Returning briefly to the saga of the Ball Family (see Ancestor(s) #10)…

Samuel C Ball

Over the weekend I tracked down a source I’d heard of but hadn’t seen before “The Ball Family of the Potomac” (Doris LeClerc Ball, George Lilburn Ball, Stevenson’s Genealogy Center, 2004).

Chapter 3 of the book contains a lot of the misinformation I’ve run into in researching this family – but the authors call out the misinformation for what it is, do a great job pinpointing the sources of the confusion, and do what they can to explain it all.

In addition to the usual causes of genealogical headaches – the deterioration of resources over hundreds of years, the unreliability of family histories, the infuriating repetition of given names over the generations, and so on – there are two primary culprits responsible for the tangle in these particular trees.

1.  The allure of Social Position:  There is a legitimate connection between George Washington and the Ball Families of Virginia and Maryland… but not EVERY Ball Family of Virginia and Maryland. 

Understandably, folks like the thought – and sound – of calling themselves Third-Cousin-Twice-Removed of Our Country.
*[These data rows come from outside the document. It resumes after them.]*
lemma square_span_mult_square:
  assumes E: "is_subfield E" and u: "u \<in> E" and y: "y \<in> square_span F E"
  shows "u^2 * y \<in> square_span F E"
  using y
proof (induction y rule: square_span.induct)
  case (add_square k v s)
  have "u^2 * (k * v^2 + s) = k * (u * v)^2 + u^2 * s" by (simp add: algebra_simps power_mult_distrib)
  then show ?case
    using add_square is_subfield_mult[OF E u] by (metis square_span.add_square)
qed (simp add: square_span.zero)

lemma square_span_mult:
  assumes F: "is_subfield F" and E: "is_subfield E"
    and x: "x \<in> square_span F E" and y: "y \<in> square_span F E"
  shows "x * y \<in> square_span F E"
  using x
proof (induction x rule: square_span.induct)
  case (add_square k u s)
  have "u^2 * y \<in> square_span F E" by (rule square_span_mult_square[OF E add_square(2) y])
  then have "k * (u^2 * y) + s * y \<in> square_span F E"
    using add_square(1,4) square_span_add square_span_scale[OF F] by blast
  moreover have "(k * u^2 + s) * y = k * (u^2 * y) + s * y" by (simp add: algebra_simps)
  ultimately show ?case by simp
qed (simp add: square_span.zero)

lemma subset_square_span: "is_subfield E \<Longrightarrow> F \<subseteq> square_span F E"
  using square_span_square[of _ F 1 E] is_subfield_one by fastforce

lemma square_mem_square_span: "is_subfield F \<Longrightarrow> u \<in> E \<Longrightarrow> u^2 \<in> square_span F E"
  using square_span_square[OF is_subfield_one, of F u E] by simp

lemma square_span_mono: "F \<subseteq> F' \<Longrightarrow> square_span F E \<subseteq> square_span F' E"
proof
  fix x assume "F \<subseteq> F'" and "x \<in> square_span F E"
  from this(2) show "x \<in> square_span F' E"
    by (induction x rule: square_span.induct) (use \<open>F \<subseteq> F'\<close> in \<open>auto intro: square_span.intros\<close>)
qed

lemma square_span_least:
  assumes "is_subfield M" "F \<subseteq> M" "\<forall>u\<in>E. u^2 \<in> M"
  shows "square_span F E \<subseteq> M"
proof
  fix x assume "x \<in> square_span F E" then show "x \<in> M"
    by (induction x rule: square_span.induct)
      (use assms in \<open>auto intro!: is_subfield_add is_subfield_mult is_subfield_zero\<close>)
qed

lemma square_span_subset: "is_subfield E \<Longrightarrow> F \<subseteq> E \<Longrightarrow> square_span F E \<subseteq> E"
  by (rule square_span_least) (auto intro: is_subfield_power)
It was a tempting conclusion to jump to, I’m sure – particularly when reaching the less appealing, opposite conclusion required a veritable Bataan Death March of research.
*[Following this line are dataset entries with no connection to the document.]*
lemma disj_dom_set_residue_dom_set:
  assumes r: "r \<in> support_vertices V E" and "c < 4"
  shows "disj_dom_set V E (residue_dom_set r c)"
  unfolding disj_dom_set_def
proof (intro conjI ballI residue_dom_set_subset)
  fix v assume "v \<in> V - residue_dom_set r c"
  then have v: "v \<in> V" "v \<notin> residue_dom_set r c" by auto
  have rV: "r \<in> V" using r unfolding support_vertices_def by blast
  obtain u where vu: "adj E v u" using exists_neighbour v by blast
  show "(\<exists>u\<in>residue_dom_set r c. adj E v u) \<or> 2 \<le> card {u \<in> residue_dom_set r c. dist V E v u = 2}"
  proof (cases "v \<in> leaves V E")
    case True
    then have "u \<in> support_vertices V E"
      using adj_leaf_imp_support_vertex adj_commute[THEN iffD1, OF vu] by blast
    then show ?thesis using vu unfolding residue_dom_set_def by blast
  next
    case False
    have vS: "v \<notin> support_vertices V E" and "v \<noteq> r" and vc: "dist V E r v mod 4 \<noteq> c"
      using v False r unfolding residue_dom_set_def by auto
    obtain p where p: "adj E p v" "Suc (dist V E r p) = dist V E r v"
      using exists_parent[OF rV v(1) \<open>v \<noteq> r\<close>] by blast
    obtain w where w: "adj E v w" "dist V E r w = Suc (dist V E r v)"
      using exists_child[OF rV v(1) False] by blast
    show ?thesis
    proof (cases rule: mod_4_cases[OF vc \<open>c < 4\<close>])
      case 1
      have "dist V E r p mod 4 = c" using 1[folded p(2)] by simp
      then have "p \<in> residue_dom_set r c"
        by (rule has_child_mem_residue_dom_set[OF r p(1) p(2)[symmetric]])
      then show ?thesis using adj_commute[THEN iffD1, OF p(1)] by blast
    next
      case 2
      moreover have "w \<notin> leaves V E" using adj_leaf_imp_support_vertex w(1) vS by blast
      ultimately have "w \<in> residue_dom_set r c"
        using adj_vertices(2)[OF w(1)] w(2) unfolding residue_dom_set_def by simp
      then show ?thesis using w(1) by blast
    next
      case 3
      show ?thesis
      proof (cases "w \<in> support_vertices V E \<or> p = r")
        case True
        then have "w \<in> residue_dom_set r c \<or> p \<in> residue_dom_set r c"
          using r unfolding residue_dom_set_def by blast
        then show ?thesis using w(1) adj_commute[THEN iffD1, OF p(1)] by blast
      next
        case False
        then show ?thesis using two_at_dist_2_in_residue_dom_set[OF r _ p vS w _ 3] by blast
      qed
    qed
  qed
qed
2. The allure of Money:  There was a Joseph Ball of Philadelphia who died intestate in the 1830s. A lot of people stepped up to claim a stake to even a piece of his fortune.  Some told the truth about their lineage, many did not. A LOT of misinformation has been mined from those court files over the years.
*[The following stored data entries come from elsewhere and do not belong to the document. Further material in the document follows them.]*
lemma matching_disjoint: "matching E M \<Longrightarrow> e \<in> M \<Longrightarrow> f \<in> M \<Longrightarrow> e \<noteq> f \<Longrightarrow> e \<inter> f = {}"
  unfolding matching_def by blast

lemma matching_Diff: "matching E M \<Longrightarrow> matching E (M - X)"
  unfolding matching_def by blast

lemma matching_insert:
  "matching E M \<Longrightarrow> e \<in> E \<Longrightarrow> \<forall>f\<in>M. e \<inter> f = {} \<Longrightarrow> matching E (insert e M)"
  unfolding matching_def by blast

lemma matching_finite: "graph V E \<Longrightarrow> matching E M \<Longrightarrow> finite M"
  using graph_finite_edges matching_subset_edges finite_subset by metis

lemma Union_matching_subset: "graph V E \<Longrightarrow> matching E M \<Longrightarrow> \<Union>M \<subseteq> V"
  using graph_edge_subset matching_subset_edges by blast

lemma card_Union_matching:
  assumes g: "graph V E" and m: "matching E M"
  shows "card (\<Union>M) = 2 * card M"
proof -
  have two: "card e = 2" if "e \<in> M" for e
    using graph_edgeE[OF g] matching_subset_edges[OF m] that by (metis card_2_iff subsetD)
  have "pairwise disjnt M"
    using matching_disjoint[OF m] unfolding pairwise_def disjnt_def by blast
  then have "card (\<Union>M) = sum card M"
    by (rule card_Union_disjoint) (use two card.infinite in fastforce)
  also have "\<dots> = 2 * card M" using two by simp
  finally show ?thesis .
qed

lemma perfect_matching_induced_iff:
  "perfect_matching S (induced_edges E S) M \<longleftrightarrow> matching E M \<and> \<Union>M = S"
  unfolding perfect_matching_def matching_def induced_edges_def by blast

lemma factor_critical_near_perfect_matching:
  assumes g: "graph V E" and fc: "factor_critical V E" and v: "v \<in> V"
  obtains P where "matching E P" "card V = Suc (2 * card P)"
proof -
  obtain P where "perfect_matching (V - {v}) (induced_edges E (V - {v})) P"
    using fc v unfolding factor_critical_def has_perfect_matching_def by blast
  then have mP: "matching E P" and cover: "\<Union>P = V - {v}"
    by (simp_all add: perfect_matching_induced_iff)
  have "card V > 0" using v graph_finite_vertices[OF g] by (auto simp: card_gt_0_iff)
  moreover have "2 * card P = card V - 1"
    using card_Union_matching[OF g mP] cover v graph_finite_vertices[OF g] by simp
  ultimately show thesis using that mP by simp
qed

lemma maximal_matching_iff_uncovered_independent:
  assumes g: "graph V E"
  shows "maximal_matching E M \<longleftrightarrow> matching E M \<and> independent_set V E (V - \<Union>M)"
proof (intro iffI conjI)
  assume max: "maximal_matching E M"
  then show m: "matching E M" unfolding maximal_matching_def by simp
  show "independent_set V E (V - \<Union>M)"
    unfolding independent_set_def
  proof (intro conjI ballI notI)
    fix u v assume uv: "u \<in> V - \<Union>M" "v \<in> V - \<Union>M" and e: "{u, v} \<in> E"
    have "matching E (insert {u, v} M)"
      using matching_insert[OF m e] uv by blast
    then have "{u, v} \<in> M" using max unfolding maximal_matching_def by blast
    then show False using uv by blast
  qed simp
next
  assume m: "matching E M \<and> independent_set V E (V - \<Union>M)"
  show "maximal_matching E M"
    unfolding maximal_matching_def
  proof (intro conjI allI impI)
    fix M' assume M': "matching E M' \<and> M \<subseteq> M'"
    show "M' = M"
    proof (rule ccontr)
      assume "M' \<noteq> M"
      then obtain e where e: "e \<in> M'" "e \<notin> M" using M' by blast
      then have "e \<in> E" using M' matching_subset_edges by blast
      then obtain u v where uv: "e = {u, v}" "u \<in> V" "v \<in> V" by (rule graph_edgeE[OF g])
      have "e \<inter> f = {}" if "f \<in> M" for f
        using matching_disjoint[of E M' e f] M' e that by blast
      then have "u \<in> V - \<Union>M" "v \<in> V - \<Union>M" using uv by auto
      then show False using m \<open>e \<in> E\<close> uv unfolding independent_set_def by blast
    qed
  qed (use m in simp)
qed

lemma matching_extends_to_maximal:
  assumes g: "graph V E" and "matching E N"
  obtains M where "maximal_matching E M" "N \<subseteq> M"
proof -
  have "finite {M. matching E M}"
    using graph_finite_edges[OF g] matching_subset_edges
    by (metis (no_types, lifting) Collect_mono Pow_def finite_Pow_iff finite_subset)
  then obtain M where "matching E M" "N \<subseteq> M" "\<forall>M'. matching E M' \<and> M \<subseteq> M' \<longrightarrow> M' = M"
    using finite_has_maximal2[of "{M. matching E M}" N] assms(2) by auto
  then show thesis using that unfolding maximal_matching_def by blast
qed

lemma matching_add_path_edge:
  assumes m: "matching E M" and fin: "finite M"
    and avoid: "\<forall>h\<in>M. a \<notin> h \<and> b \<notin> h" and ab: "{a, b} \<in> E" and bc: "{b, c} \<in> E"
  shows "\<exists>M'. matching E M' \<and> card M' = Suc (card M) \<and> \<Union>M \<union> {b, c} \<subseteq> \<Union>M'
           \<and> M' \<subseteq> insert {a, b} (insert {b, c} M)"
proof (cases "c \<in> \<Union>M")
  case True
  have "matching E (insert {a, b} M)" using matching_insert[OF m ab] avoid by blast
  moreover have "{a, b} \<notin> M" using avoid by blast
  ultimately show ?thesis using True fin by (intro exI[of _ "insert {a, b} M"]) auto
next
  case False
  have "matching E (insert {b, c} M)" using matching_insert[OF m bc] avoid False by blast
  moreover have "{b, c} \<notin> M" using avoid by blast
  ultimately show ?thesis using fin by (intro exI[of _ "insert {b, c} M"]) auto
qed

text \<open>The recursive case of the exchange property: \<open>M\<^sub>1\<close> comes from augmenting
  \<open>M - {{b, c}}\<close> from \<open>N - {{a, b}}\<close>, so none of its edges meets \<open>{a, b}\<close>.\<close>
lemma matching_augment_along_path:
  assumes g: "graph V E" and mM: "matching E M" and mN: "matching E N"
    and fM: "{b, c} \<in> M" and eN: "{a, b} \<in> N" and aM: "a \<notin> \<Union>M"
    and m1: "matching E M1" and card1: "card M1 = card M"
    and cover1: "\<Union>(M - {{b, c}}) \<subseteq> \<Union>M1" and sub1: "M1 \<subseteq> (M - {{b, c}}) \<union> (N - {{a, b}})"
  shows "\<exists>M'. matching E M' \<and> card M' = Suc (card M) \<and> \<Union>M \<subseteq> \<Union>M' \<and> M' \<subseteq> M \<union> N"
proof -
  have avoid: "\<forall>h\<in>M1. a \<notin> h \<and> b \<notin> h"
  proof
    fix h assume "h \<in> M1"
    then consider "h \<in> M" "h \<noteq> {b, c}" | "h \<in> N" "h \<noteq> {a, b}" using sub1 by blast
    then show "a \<notin> h \<and> b \<notin> h"
    proof cases
      case 1
      then have "h \<inter> {b, c} = {}" using matching_disjoint[OF mM _ fM] by blast
      then show ?thesis using 1 aM by blast
    next
      case 2
      then have "h \<inter> {a, b} = {}" using matching_disjoint[OF mN _ eN] by blast
      then show ?thesis by blast
    qed
  qed
  have ab: "{a, b} \<in> E" and bc: "{b, c} \<in> E"
    using fM eN matching_subset_edges[OF mM] matching_subset_edges[OF mN] by blast+
  obtain M' where m': "matching E M'" and card': "card M' = Suc (card M1)"
    and cover': "\<Union>M1 \<union> {b, c} \<subseteq> \<Union>M'" and sub': "M' \<subseteq> insert {a, b} (insert {b, c} M1)"
    using matching_add_path_edge[OF m1 matching_finite[OF g m1] avoid ab bc] by blast
  have "\<Union>M \<subseteq> \<Union>(M - {{b, c}}) \<union> {b, c}" by blast
  also have "\<dots> \<subseteq> \<Union>M'" using cover1 cover' by blast
  finally have "\<Union>M \<subseteq> \<Union>M'" .
  moreover have "M' \<subseteq> M \<union> N" using sub' sub1 eN fM by blast
  ultimately show ?thesis using m' card' card1 by auto
qed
Remarkably, a new batch of rumors started in the late 1890s – that there were still unclaimed Joseph Ball Estate funds.  One group, descendants of the ever-jaunty Samuel Ball (above), took action. They wrote to all sorts of family members for a detailed, written explanation of their Ball lineage, and information on as many relatives as they could identify.

There were two problems with their effort.  One, the rumors were false. There were no unclaimed funds.  And two, even if there had been funds, our side of the Ball Family (that is, the descendants of Daniel Ball), have zero connection with Joseph Ball of Philadelphia.

(Interesting that those who were able to share in Joseph Ball’s estate also have a much cleaner claim to the George Washington lineage.  Money AND position. Hmmppff.)

The big payoff of the later information-gathering effort, though, was the goldmine of information it left us genealogists! AND this seriously-cool point of fact:

According to the authors, George & Doris Ball, the family at the center of this fact-finding mission was the LaFortunes: Alexander and Christina (Ball) LaFortune of Kings County, California, who sent out the initial contact letters, and their son Daniel, who seems to have been working as liaison between the family and an attorney-representative.

Daniel had moved to Oakland in the 1880s and became a successful real estate broker-developer. He also married my 1st cousin, 4x removed, Jennie Watson, in 1891, and each promptly took their place on both sides of my family tree. Jennie and Dan link my mom’s family (the Balls, an old Virginia family) and my dad’s family (the Watsons – an old New York family). In California, of all places!